→ Records for this task:
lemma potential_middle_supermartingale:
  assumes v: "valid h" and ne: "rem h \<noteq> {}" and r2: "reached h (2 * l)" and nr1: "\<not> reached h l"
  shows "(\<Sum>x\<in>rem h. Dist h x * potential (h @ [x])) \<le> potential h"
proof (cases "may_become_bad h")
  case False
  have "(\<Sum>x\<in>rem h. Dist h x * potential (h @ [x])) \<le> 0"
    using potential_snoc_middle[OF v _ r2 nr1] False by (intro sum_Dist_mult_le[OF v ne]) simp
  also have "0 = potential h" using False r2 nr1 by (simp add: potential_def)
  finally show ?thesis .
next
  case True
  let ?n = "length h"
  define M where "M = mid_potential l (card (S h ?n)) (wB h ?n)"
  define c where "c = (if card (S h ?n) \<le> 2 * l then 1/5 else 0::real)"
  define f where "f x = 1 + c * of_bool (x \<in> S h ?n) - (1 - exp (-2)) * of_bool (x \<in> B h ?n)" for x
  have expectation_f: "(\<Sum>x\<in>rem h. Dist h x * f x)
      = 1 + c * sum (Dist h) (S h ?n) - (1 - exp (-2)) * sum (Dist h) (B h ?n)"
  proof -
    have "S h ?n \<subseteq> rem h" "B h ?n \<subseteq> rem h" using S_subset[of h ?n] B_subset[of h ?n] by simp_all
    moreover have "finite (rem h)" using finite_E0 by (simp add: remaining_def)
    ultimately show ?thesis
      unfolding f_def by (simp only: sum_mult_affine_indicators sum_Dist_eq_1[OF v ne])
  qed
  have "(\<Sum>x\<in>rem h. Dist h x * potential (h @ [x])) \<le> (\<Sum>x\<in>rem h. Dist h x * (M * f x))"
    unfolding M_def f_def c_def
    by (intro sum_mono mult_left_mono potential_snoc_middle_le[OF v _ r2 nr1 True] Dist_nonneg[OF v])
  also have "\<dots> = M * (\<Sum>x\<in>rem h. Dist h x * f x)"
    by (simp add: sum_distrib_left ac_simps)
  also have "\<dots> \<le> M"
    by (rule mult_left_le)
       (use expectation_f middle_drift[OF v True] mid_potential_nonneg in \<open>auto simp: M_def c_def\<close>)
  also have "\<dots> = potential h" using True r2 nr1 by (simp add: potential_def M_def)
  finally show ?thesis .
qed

→ Problem description:
Your reply should hold every line from the data that contains "False", copied in full.

→ Result for this task:
  case False
    using potential_snoc_middle[OF v _ r2 nr1] False by (intro sum_Dist_mult_le[OF v ne]) simp
  also have "0 = potential h" using False r2 nr1 by (simp add: potential_def)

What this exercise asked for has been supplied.